As the second part of this investigation, the two media types that had yielded the best results were tested with longer storage times at the various temperatures (up to 120 h/5 days). Swabs were prepared as previously described and kept at 2–8 °C for 24 h to mimic refrigeration at home pending arrival of a courier or taking the sample to a postal collection point. Swabs were then kept at room temperature (~20 °C), 30 °C or 40 °C for 24 h, 48 h, 96 h or 120 h. After this, all samples were kept at 2–8 °C, for 24–48 h prior to RNA extraction in a single run. (Method summarised in Fig. 1B).

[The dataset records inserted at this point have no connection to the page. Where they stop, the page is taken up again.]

lemma exists_Cc_bump:
  fixes A :: "('a::t2_space) set"
  assumes lc: "locally compact (UNIV :: 'a set)" and A: "open A" "p \<in> A"
  obtains f where "f \<in> Cc_on A" "f p = 1" "\<And>x. cmod (f x) \<le> 1"
proof -
  obtain U K where UK: "open U" "compact K" "p \<in> U" "U \<subseteq> K" "K \<subseteq> A"
    using lc A unfolding locally_def by (metis open_openin open_subopen subtopology_UNIV)
  have "locally_compact_space (euclidean :: 'a topology)"
    unfolding locally_compact_space_def using lc unfolding locally_def
    by (metis UNIV_I compactin_euclidean_iff open_UNIV open_openin subtopology_UNIV)
  then have crs: "completely_regular_space (euclidean :: 'a topology)"
    by (rule locally_compact_regular_imp_completely_regular_space)
      (simp add: Hausdorff_space_euclidean_t2)
  obtain g where g: "continuous_map euclidean (subtopology euclidean {0..1::real}) g"
    "g ` (UNIV - U) \<subseteq> {0}" "g ` {p} \<subseteq> {1}"
    by (rule Urysohn_completely_regular_compact_closed[of 0 1 euclidean "{p}" "UNIV - U"])
      (use crs UK in \<open>auto simp: disjnt_def closed_Diff\<close>)
  have gc: "continuous_on UNIV g" and g01: "\<And>x. g x \<in> {0..1}"
    using g(1) unfolding continuous_map_in_subtopology by auto
  define f where "f x = complex_of_real (g x)" for x
  have "f \<in> Cc_on A"
  proof (rule Cc_onI[OF _ UK(2) _ UK(5)])
    show "continuous_on UNIV f" unfolding f_def by (intro continuous_intros gc)
    show "{x. f x \<noteq> 0} \<subseteq> K" using g(2) UK by (force simp: f_def)
  qed
  moreover have "f p = 1" using g(3) by (simp add: f_def)
  moreover have "cmod (f x) \<le> 1" for x using g01[of x] by (simp add: f_def)
  ultimately show thesis using that by blast
qed

lemma continuous_on_zero_outside:
  assumes "open D" "continuous_on D f" "closed K" "K \<subseteq> D" "\<And>x. x \<notin> K \<Longrightarrow> f x = 0"
  shows "continuous_on UNIV f"
proof -
  have "continuous_on (- K) f"
    using continuous_on_const[of "- K" 0] by (rule continuous_on_cong[THEN iffD1, rotated 2]) (use assms in auto)
  then have "continuous_on (D \<union> - K) f" using assms by (intro continuous_on_open_Un) auto
  moreover have "D \<union> - K = UNIV" using assms by auto
  ultimately show ?thesis by simp
qed

lemma continuous_on_open_cover:
  fixes f :: "'a::t2_space \<Rightarrow> 'b::topological_space"
  assumes "\<And>x. x \<in> S \<Longrightarrow> \<exists>N. open N \<and> x \<in> N \<and> continuous_on (S \<inter> N) f"
  shows "continuous_on S f"
proof (rule continuous_on_eq_continuous_within[THEN iffD2], intro ballI)
  fix x assume "x \<in> S"
  then obtain N where N: "open N" "x \<in> N" "continuous_on (S \<inter> N) f" using assms by blast
  then have "continuous (at x within (S \<inter> N)) f"
    using \<open>x \<in> S\<close> unfolding continuous_on_eq_continuous_within by blast
  moreover have "at x within (S \<inter> N) = at x within S" by (rule at_within_nhd[OF N(2,1)]) auto
  ultimately show "continuous (at x within S) f" by simp
qed

lemma Cc_on_vanish: assumes "f \<in> Cc_on U" "x \<notin> U" shows "f x = 0"
proof -
  have "{x. f x \<noteq> 0} \<subseteq> U" using assms(1) closure_subset unfolding Cc_on_def by fastforce
  then show ?thesis using assms(2) by auto
qed

lemma Cc_on_mono: "f \<in> Cc_on U \<Longrightarrow> U \<subseteq> U' \<Longrightarrow> f \<in> Cc_on U'"
  unfolding Cc_on_def by auto

lemma Cc_on_bounded:
  assumes "f \<in> Cc_on U" shows "\<exists>M. \<forall>x. cmod (f x) \<le> M"
proof -
  let ?K = "closure {x. f x \<noteq> 0}"
  have "compact (f ` ?K)"
    using assms compact_continuous_image continuous_on_subset unfolding Cc_on_def by blast
  then obtain M where M: "\<forall>y\<in>f ` ?K. norm y \<le> M"
    unfolding bounded_iff by (meson compact_imp_bounded bounded_iff)
  have "cmod (f x) \<le> max M 0" for x
    using M closure_subset[of "{x. f x \<noteq> 0}"] by (cases "f x = 0") fastforce+
  then show ?thesis by blast
qed

lemma Cc_on_mult_left:
  fixes f q :: "'a::t2_space \<Rightarrow> complex"
  assumes "f \<in> Cc_on U" "continuous_on UNIV q" "U \<inter> closure {x. q x \<noteq> 0} \<subseteq> U'"
  shows "(\<lambda>\<gamma>. q \<gamma> * f \<gamma>) \<in> Cc_on U'"
proof (rule Cc_onI)
  let ?K = "closure {x. f x \<noteq> 0} \<inter> closure {x. q x \<noteq> 0}"
  show "compact ?K" using assms(1) by (simp add: Cc_on_def compact_Int_closed)
  show "{x. q x * f x \<noteq> 0} \<subseteq> ?K" using closure_subset by fastforce
  show "?K \<subseteq> U'" using assms(1,3) by (auto simp: Cc_on_def)
  show "continuous_on UNIV (\<lambda>\<gamma>. q \<gamma> * f \<gamma>)"
    using assms(1,2) by (intro continuous_intros) (simp_all add: Cc_on_def)
qed

lemma C0_onE:
  assumes "a \<in> C0_on G U"
  obtains f where "\<And>n. f n \<in> Cc_on U" "rcauchy G f" "\<And>\<gamma>. (\<lambda>n. f n \<gamma>) \<longlonglongrightarrow> a \<gamma>"
proof -
  obtain f where "(\<forall>n. f n \<in> Cc_on U) \<and> rcauchy G f \<and> (\<forall>\<gamma>. (\<lambda>n. f n \<gamma>) \<longlonglongrightarrow> a \<gamma>)"
    using assms unfolding C0_on_def by blast
  then show thesis using that by blast
qed

lemma C0_onI:
  assumes "\<And>n. f n \<in> Cc_on U" "rcauchy G f" "\<And>\<gamma>. (\<lambda>n. f n \<gamma>) \<longlonglongrightarrow> a \<gamma>"
  shows "a \<in> C0_on G U"
  unfolding C0_on_def using assms by blast

lemma C0_on_mono:
  assumes "U \<subseteq> U'" shows "C0_on G U \<subseteq> C0_on G U'"
proof
  fix a assume "a \<in> C0_on G U"
  then obtain f where f: "\<And>n. f n \<in> Cc_on U" "rcauchy G f" "\<And>\<gamma>. (\<lambda>n. f n \<gamma>) \<longlonglongrightarrow> a \<gamma>"
    by (rule C0_onE) (rule that)
  show "a \<in> C0_on G U'" by (rule C0_onI[OF Cc_on_mono[OF f(1) assms] f(2,3)])
qed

2.2. RNA extraction and RT-PCR

For all samples, viral RNA was extracted using an automatic platform (CyBio FeliX liquid handler) with the innuPREP Virus DNA/RNA Kit (Analytik Jena) as previously described (Crone et al., 2020). For the dry swabs, 1 ml of 60 % Lysis buffer (diluted with phosphate-buffered saline without calcium chloride or magnesium chloride) was added and left for 10 min before the aliquot of lysis buffer for extraction was processed (Moore et al., 2008). SARS-CoV-2 RNA (Viral E gene) was detected by real-time RT- PCR (Rowan et al., 2021) (Fig. 1).

3. Results

The recovery of SARS-CoV-2 RNA from dry swabs, and swabs stored with VTM or normal saline, for up to 24 h, was determined. The mean Ct, standard deviation and variance for each condition are displayed in Table 1. Fig. 2A and B show an increase in Ct value of each swab type at each temperature at 8hrs and 24hrs respectively, compared to a swab of same type prepared in the same way but stored at 2–8 °C for 22hrs before processing, to mimic the cold chain conditions.

Table 1.

Displays the mean Ct values (of the three replicates) for each condition tested, alongside standard deviation, % CV (Coefficient of Variation), and Ct difference Ct difference is compared to the same sample type refrigerated for 22 h.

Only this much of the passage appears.